A senior determine steering Barrow’s regeneration has warned MPs that the federal government’s headline ambition to ship a brand new SSN-AUKUS submarine each 18 months faces severe constraints far past the shipyard gates.
Showing earlier than the Defence Committee, Lord Case, chair of Workforce Barrow and former Cupboard Secretary, underlined that the timeline ministers cite for the next-generation nuclear fleet carries dangers that haven’t been resolved.
Requested immediately whether or not the programme is on observe, he prevented any assurances. He described the goal as “a really demanding goal” and added that it might be “an actual problem to ship.” Though the committee had beforehand taken proof from BAE Techniques on the shipbuilding schedule, the trade uncovered a parallel set of home bottlenecks that sit outdoors the MoD’s remit however nonetheless form the feasibility of the AUKUS construct charge.
Case argued that Workforce Barrow’s accountability shouldn’t be the meeting line itself however the city’s capability to maintain the required workforce. “We’re below strain to ship housing, faculties and hospitals to make it possible for the workforce is there to provide the boats on time,” he stated. He acknowledged that this supporting infrastructure shouldn’t be in place. “We’re behind the place we should be. We wouldn’t have the housing that we want for workforce development.”
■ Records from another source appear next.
section \<open>Trees\<close>

lemma tree_path_no_chord:
  assumes "is_tree V E" "simple_path V E xs" "i + 2 \<le> j" "j < length xs"
  shows "{xs ! i, xs ! j} \<notin> E"
proof
  assume chord: "{xs ! i, xs ! j} \<in> E"
  let ?ys = "drop i (take (Suc j) xs)"
  have "hd ?ys = xs ! i" "last ?ys = xs ! j"
    using assms(3,4) by (simp_all add: hd_drop_conv_nth take_Suc_conv_app_nth)
  moreover have "distinct ?ys" "walk E ?ys"
    using assms(2) by (simp_all add: simple_path_def walk_take walk_drop)
  ultimately have "is_cycle E ?ys"
    using assms(3,4) chord by (intro is_cycleI) (auto simp: insert_commute)
  then show False
    using assms(1) by (auto simp: is_tree_def)
qed

lemma longest_path_hd_pendant:
  assumes "is_tree V E" "longest_path V E xs" "2 \<le> length xs"
  shows "pendant_at E (xs ! 0) {xs ! 0, xs ! 1}"
  unfolding pendant_at_def
proof (intro conjI ballI impI)
  have sg: "simple_graph V E" and path: "simple_path V E xs"
    using assms(1,2) by (auto simp: is_tree_def longest_path_def)
  show "{xs ! 0, xs ! 1} \<in> E"
    using path assms(3) by (auto simp: simple_path_def successively_conv_nth)
  fix e assume "e \<in> E" "xs ! 0 \<in> e"
  then obtain z where z: "e = {xs ! 0, z}" "xs ! 0 \<noteq> z"
    using simple_graph_edge_at[OF sg] by metis
  have "hd xs = xs ! 0"
    using assms(3) by (cases xs) auto
  then have "z \<in> set xs"
    using longest_path_hd_neighbour[OF sg assms(2)] assms(3) z \<open>e \<in> E\<close> by fastforce
  then obtain j where j: "j < length xs" "z = xs ! j"
    by (auto simp: in_set_conv_nth)
  have "j = 1"
    using tree_path_no_chord[OF assms(1) path, of 0 j] j z \<open>e \<in> E\<close> by (cases j) fastforce+
  then show "e = {xs ! 0, xs ! 1}"
    using j z by simp
qed simp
That admission raises questions on how credible the nationwide dedication is when the enabling situations lag behind defence planning. Case made clear that workforce readiness is barely partly a abilities problem. Even when recruitment targets are met, the bodily capability to soak up 1000’s of latest employees stays uncertain due to long-standing underinvestment in native providers.
The try to speed up housebuilding has not but produced materials change. “We spent plenty of time collectively final month speaking about how we are able to speed up the home constructing,” he instructed MPs, however he harassed that operational particulars stay for BAE and the MoD.
Case’s feedback present that the tempo problem is as a lot a civil-infrastructure downside as an industrial one, with delays within the former prone to ripple into the latter.